Instructions for the task = Could you print exactly the lines of the listing below, starting at the line that has "x \<le> \<omega>" and ending at the line that has "by (simp add: abs_mult mult_left_mono)", and only those lines?

Data for this exercise =
/---
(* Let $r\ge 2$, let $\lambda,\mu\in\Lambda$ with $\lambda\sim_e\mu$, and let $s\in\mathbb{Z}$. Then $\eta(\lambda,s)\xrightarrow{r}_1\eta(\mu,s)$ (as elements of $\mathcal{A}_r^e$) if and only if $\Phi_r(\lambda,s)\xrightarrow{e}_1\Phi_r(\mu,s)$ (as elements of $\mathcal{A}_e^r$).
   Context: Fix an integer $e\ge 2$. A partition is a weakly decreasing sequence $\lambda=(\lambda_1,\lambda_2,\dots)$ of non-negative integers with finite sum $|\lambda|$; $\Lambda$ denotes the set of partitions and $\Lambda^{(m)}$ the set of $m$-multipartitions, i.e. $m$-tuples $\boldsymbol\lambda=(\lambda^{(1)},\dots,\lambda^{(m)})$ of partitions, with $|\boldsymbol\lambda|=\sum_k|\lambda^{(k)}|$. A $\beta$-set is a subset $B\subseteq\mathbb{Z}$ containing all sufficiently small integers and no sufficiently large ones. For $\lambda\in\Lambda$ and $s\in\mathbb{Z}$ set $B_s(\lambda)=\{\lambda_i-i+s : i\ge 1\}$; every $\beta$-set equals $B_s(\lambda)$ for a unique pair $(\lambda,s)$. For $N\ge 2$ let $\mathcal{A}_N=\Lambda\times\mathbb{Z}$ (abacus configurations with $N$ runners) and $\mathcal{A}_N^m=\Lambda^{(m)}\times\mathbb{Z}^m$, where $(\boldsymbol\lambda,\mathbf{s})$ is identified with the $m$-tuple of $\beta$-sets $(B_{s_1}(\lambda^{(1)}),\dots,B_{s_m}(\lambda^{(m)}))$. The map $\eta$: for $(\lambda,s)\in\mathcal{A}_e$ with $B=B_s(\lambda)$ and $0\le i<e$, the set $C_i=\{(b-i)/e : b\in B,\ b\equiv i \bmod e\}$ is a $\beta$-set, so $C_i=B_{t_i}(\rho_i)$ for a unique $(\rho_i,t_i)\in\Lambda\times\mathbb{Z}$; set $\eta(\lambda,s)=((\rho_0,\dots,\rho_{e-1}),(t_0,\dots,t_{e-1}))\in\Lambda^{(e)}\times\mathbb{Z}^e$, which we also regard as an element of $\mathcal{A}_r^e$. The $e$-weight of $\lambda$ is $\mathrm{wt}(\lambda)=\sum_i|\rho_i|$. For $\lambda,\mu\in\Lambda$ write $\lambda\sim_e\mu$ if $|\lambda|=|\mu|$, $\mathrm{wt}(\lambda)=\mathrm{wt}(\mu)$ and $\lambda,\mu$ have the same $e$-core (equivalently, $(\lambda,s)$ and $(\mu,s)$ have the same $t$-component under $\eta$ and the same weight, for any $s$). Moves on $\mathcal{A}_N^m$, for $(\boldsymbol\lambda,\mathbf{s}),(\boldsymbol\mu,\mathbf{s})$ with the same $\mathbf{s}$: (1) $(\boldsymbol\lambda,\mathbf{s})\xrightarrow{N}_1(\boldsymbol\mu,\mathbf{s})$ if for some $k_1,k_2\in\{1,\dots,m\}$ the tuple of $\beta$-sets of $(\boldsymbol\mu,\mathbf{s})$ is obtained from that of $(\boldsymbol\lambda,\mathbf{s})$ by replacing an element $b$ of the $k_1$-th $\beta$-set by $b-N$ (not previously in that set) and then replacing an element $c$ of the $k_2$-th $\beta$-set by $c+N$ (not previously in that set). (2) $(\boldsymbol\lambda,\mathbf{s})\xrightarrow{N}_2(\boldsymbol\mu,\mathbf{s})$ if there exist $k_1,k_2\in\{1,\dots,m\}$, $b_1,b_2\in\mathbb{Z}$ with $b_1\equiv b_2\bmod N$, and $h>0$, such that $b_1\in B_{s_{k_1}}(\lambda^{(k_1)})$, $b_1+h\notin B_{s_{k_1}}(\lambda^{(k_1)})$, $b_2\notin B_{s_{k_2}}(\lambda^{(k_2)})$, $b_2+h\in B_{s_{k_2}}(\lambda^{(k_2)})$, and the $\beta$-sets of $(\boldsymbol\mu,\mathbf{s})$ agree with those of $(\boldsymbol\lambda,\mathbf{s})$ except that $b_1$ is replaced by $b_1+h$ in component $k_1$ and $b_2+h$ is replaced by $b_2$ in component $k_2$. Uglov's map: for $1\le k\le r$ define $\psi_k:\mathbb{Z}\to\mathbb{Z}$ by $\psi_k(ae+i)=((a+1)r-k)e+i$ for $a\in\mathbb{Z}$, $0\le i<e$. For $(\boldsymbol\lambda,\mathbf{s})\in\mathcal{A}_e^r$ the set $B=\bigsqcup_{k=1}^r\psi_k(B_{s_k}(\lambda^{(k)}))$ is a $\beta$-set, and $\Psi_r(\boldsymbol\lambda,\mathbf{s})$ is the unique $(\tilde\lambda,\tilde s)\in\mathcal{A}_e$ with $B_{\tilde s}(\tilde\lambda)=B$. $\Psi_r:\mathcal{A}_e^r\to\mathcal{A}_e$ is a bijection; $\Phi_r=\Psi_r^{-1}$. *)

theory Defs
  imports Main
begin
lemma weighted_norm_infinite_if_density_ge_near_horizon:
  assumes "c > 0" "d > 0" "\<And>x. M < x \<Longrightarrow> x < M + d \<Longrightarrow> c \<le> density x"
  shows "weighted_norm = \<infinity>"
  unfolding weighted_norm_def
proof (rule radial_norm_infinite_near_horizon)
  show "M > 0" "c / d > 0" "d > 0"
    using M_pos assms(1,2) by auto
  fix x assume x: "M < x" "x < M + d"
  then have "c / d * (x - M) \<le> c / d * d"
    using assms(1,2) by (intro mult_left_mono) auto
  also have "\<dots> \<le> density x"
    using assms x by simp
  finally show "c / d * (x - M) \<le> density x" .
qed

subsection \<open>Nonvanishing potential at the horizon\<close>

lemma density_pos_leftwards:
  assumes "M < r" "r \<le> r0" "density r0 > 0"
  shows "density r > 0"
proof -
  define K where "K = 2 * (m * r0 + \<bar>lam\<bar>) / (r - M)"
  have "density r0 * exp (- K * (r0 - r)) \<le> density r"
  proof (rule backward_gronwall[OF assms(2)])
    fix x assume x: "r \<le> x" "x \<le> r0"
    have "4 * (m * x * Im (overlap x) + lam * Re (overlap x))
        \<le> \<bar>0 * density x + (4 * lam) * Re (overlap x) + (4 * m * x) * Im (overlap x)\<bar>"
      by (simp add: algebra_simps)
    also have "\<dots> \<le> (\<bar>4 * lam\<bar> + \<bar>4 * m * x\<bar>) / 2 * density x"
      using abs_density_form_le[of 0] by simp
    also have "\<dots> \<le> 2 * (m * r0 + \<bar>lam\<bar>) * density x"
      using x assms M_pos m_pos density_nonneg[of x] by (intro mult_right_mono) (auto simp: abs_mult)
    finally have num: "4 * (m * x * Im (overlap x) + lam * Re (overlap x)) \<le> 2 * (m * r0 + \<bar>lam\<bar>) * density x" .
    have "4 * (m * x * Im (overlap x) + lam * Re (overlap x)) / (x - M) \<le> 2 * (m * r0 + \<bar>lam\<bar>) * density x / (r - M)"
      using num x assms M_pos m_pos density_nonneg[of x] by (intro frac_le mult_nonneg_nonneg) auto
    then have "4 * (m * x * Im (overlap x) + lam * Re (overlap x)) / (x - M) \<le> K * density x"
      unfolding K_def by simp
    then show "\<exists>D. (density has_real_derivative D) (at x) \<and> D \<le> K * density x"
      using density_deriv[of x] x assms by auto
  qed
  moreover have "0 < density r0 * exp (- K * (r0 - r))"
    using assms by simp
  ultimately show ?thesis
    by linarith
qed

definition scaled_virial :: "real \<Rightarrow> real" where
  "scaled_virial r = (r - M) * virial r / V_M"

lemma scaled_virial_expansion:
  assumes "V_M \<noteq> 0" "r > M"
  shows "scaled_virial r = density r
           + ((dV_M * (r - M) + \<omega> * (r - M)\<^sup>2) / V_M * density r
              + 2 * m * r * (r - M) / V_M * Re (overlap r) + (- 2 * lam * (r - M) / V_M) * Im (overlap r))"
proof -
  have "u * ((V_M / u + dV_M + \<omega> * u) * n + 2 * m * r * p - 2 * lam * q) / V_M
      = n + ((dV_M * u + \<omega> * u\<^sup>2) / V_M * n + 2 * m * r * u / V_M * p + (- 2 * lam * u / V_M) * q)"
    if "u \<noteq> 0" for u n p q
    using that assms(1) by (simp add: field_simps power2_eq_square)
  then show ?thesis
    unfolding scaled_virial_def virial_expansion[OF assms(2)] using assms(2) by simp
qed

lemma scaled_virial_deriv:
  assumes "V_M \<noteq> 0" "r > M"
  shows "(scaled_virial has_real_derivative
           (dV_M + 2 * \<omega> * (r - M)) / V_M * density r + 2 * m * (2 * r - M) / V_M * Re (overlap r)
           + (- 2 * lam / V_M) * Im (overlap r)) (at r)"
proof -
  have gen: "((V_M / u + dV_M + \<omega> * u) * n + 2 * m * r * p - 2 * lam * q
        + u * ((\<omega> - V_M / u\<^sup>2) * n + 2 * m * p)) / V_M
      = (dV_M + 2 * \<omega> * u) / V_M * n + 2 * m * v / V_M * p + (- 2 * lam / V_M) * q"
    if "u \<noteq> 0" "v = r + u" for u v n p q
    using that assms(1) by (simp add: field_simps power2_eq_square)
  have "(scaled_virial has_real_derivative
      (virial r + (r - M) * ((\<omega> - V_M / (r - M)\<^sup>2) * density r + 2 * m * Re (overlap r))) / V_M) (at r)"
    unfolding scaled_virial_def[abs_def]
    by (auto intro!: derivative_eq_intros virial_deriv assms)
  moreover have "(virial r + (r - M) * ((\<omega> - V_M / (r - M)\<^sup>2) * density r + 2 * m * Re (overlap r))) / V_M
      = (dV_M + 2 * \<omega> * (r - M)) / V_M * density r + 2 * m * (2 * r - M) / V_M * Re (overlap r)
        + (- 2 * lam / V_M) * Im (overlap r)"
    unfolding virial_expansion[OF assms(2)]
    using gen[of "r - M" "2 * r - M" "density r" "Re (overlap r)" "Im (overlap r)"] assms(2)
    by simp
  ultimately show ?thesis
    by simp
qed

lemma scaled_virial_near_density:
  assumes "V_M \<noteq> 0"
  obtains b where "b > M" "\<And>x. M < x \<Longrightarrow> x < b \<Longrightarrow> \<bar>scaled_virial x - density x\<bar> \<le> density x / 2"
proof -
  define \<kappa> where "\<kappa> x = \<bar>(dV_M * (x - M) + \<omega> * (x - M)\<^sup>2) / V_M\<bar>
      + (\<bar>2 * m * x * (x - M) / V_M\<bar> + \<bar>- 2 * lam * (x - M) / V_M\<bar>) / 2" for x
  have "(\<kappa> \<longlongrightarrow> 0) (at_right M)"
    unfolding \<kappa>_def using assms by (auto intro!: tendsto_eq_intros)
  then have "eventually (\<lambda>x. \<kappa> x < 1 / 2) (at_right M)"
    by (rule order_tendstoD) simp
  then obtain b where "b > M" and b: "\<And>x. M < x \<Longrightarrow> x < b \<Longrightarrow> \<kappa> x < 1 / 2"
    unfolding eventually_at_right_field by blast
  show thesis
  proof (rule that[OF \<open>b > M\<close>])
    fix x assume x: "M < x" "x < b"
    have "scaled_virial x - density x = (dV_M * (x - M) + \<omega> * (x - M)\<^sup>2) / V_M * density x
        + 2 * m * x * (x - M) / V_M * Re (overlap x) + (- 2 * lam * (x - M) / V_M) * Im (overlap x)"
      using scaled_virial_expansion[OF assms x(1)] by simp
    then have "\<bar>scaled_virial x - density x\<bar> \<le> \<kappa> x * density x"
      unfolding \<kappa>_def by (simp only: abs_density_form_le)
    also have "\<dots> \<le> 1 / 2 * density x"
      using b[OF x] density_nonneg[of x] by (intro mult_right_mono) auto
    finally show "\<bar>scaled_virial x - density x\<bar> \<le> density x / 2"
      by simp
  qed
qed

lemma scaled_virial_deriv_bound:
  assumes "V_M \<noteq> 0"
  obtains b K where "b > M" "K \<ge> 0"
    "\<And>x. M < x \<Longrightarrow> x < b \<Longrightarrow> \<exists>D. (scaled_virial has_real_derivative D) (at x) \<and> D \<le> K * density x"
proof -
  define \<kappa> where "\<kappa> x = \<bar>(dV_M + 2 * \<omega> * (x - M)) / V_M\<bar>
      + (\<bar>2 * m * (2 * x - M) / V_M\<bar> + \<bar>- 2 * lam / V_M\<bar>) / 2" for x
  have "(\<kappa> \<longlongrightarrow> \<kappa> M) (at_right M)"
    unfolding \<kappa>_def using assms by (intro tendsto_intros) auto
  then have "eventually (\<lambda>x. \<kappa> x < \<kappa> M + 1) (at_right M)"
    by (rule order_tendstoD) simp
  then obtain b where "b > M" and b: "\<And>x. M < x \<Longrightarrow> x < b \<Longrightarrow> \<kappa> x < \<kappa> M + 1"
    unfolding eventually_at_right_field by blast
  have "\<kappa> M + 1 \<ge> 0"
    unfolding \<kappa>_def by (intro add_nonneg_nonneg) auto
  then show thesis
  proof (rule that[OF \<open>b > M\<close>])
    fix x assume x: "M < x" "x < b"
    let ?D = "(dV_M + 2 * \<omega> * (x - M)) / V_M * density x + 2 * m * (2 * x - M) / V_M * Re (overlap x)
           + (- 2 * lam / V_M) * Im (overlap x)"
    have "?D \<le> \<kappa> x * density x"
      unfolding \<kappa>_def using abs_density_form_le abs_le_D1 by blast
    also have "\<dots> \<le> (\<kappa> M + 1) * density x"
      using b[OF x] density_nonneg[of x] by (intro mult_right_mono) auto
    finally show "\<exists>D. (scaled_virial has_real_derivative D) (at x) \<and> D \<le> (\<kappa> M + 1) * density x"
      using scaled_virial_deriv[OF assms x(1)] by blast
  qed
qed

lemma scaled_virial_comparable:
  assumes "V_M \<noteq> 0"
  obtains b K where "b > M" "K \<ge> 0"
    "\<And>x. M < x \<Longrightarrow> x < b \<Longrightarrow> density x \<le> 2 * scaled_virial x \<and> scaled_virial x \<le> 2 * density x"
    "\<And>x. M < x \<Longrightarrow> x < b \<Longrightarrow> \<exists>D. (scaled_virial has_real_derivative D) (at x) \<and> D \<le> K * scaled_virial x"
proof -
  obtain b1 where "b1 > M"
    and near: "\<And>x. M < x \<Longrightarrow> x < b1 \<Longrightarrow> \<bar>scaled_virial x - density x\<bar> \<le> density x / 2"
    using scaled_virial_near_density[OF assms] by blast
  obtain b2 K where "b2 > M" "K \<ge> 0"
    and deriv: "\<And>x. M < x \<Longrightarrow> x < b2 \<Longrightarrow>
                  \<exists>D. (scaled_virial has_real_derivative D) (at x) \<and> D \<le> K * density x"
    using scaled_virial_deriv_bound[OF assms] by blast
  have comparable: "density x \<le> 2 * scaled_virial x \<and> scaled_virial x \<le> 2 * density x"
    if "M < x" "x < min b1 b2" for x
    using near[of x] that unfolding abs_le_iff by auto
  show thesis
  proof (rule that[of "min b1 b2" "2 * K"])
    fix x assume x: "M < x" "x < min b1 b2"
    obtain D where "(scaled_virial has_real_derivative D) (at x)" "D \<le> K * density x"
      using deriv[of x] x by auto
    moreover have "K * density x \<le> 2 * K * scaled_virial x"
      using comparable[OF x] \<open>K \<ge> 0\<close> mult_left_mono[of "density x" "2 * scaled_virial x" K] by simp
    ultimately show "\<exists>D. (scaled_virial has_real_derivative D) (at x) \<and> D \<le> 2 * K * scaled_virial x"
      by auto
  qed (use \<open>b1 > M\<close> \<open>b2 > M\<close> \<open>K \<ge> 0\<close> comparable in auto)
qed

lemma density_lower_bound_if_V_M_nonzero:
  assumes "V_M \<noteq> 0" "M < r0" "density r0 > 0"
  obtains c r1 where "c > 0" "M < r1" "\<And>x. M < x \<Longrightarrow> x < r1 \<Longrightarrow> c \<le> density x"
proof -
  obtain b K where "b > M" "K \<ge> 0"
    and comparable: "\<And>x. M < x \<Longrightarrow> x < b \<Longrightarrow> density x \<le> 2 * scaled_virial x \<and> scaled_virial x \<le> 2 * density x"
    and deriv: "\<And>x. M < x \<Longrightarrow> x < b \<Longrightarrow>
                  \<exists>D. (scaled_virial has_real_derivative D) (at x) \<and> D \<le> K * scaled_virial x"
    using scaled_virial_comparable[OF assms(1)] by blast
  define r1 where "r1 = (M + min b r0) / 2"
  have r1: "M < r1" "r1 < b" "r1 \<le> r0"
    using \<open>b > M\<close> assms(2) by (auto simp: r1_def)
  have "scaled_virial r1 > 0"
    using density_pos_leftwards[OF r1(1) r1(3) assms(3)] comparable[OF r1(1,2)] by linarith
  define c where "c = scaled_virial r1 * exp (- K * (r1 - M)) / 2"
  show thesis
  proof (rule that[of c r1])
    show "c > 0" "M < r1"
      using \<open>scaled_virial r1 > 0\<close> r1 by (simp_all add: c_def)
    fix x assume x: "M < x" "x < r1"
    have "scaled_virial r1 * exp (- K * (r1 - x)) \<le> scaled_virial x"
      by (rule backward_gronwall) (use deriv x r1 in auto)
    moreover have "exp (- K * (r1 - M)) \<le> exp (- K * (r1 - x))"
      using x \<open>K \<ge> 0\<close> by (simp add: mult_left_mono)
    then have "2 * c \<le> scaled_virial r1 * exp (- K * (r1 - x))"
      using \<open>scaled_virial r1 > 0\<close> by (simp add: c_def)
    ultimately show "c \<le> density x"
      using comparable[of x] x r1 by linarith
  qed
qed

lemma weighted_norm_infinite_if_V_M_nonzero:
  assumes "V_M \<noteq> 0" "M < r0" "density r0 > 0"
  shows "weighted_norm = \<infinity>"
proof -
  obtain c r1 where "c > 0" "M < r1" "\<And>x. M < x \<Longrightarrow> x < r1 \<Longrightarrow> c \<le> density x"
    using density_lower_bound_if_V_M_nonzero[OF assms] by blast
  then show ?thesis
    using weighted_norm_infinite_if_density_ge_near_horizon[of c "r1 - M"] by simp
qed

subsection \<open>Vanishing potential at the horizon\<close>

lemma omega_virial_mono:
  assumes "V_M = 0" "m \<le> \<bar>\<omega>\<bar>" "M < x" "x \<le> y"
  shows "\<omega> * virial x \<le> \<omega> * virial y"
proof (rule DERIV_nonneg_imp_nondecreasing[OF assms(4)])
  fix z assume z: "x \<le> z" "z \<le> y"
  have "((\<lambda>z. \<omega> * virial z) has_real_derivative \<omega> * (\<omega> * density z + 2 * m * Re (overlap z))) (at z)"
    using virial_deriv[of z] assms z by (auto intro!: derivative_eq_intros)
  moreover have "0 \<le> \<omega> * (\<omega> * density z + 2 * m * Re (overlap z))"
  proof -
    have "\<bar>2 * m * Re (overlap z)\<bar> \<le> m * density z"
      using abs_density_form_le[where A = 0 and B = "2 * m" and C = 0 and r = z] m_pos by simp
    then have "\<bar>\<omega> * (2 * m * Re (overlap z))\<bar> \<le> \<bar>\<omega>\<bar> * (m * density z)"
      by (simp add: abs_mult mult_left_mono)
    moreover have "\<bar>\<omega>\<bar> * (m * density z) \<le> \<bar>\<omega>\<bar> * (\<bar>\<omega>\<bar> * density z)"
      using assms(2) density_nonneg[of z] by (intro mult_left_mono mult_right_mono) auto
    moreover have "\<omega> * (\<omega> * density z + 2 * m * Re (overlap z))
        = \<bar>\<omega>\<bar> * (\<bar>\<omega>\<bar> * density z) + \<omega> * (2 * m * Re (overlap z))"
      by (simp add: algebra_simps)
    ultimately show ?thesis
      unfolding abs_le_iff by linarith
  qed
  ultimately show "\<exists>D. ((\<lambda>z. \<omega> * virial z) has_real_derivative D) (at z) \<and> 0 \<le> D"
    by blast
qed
\---
Answer section =
  shows "\<omega> * virial x \<le> \<omega> * virial y"
proof (rule DERIV_nonneg_imp_nondecreasing[OF assms(4)])
  fix z assume z: "x \<le> z" "z \<le> y"
  have "((\<lambda>z. \<omega> * virial z) has_real_derivative \<omega> * (\<omega> * density z + 2 * m * Re (overlap z))) (at z)"
    using virial_deriv[of z] assms z by (auto intro!: derivative_eq_intros)
  moreover have "0 \<le> \<omega> * (\<omega> * density z + 2 * m * Re (overlap z))"
  proof -
    have "\<bar>2 * m * Re (overlap z)\<bar> \<le> m * density z"
      using abs_density_form_le[where A = 0 and B = "2 * m" and C = 0 and r = z] m_pos by simp
    then have "\<bar>\<omega> * (2 * m * Re (overlap z))\<bar> \<le> \<bar>\<omega>\<bar> * (m * density z)"
      by (simp add: abs_mult mult_left_mono)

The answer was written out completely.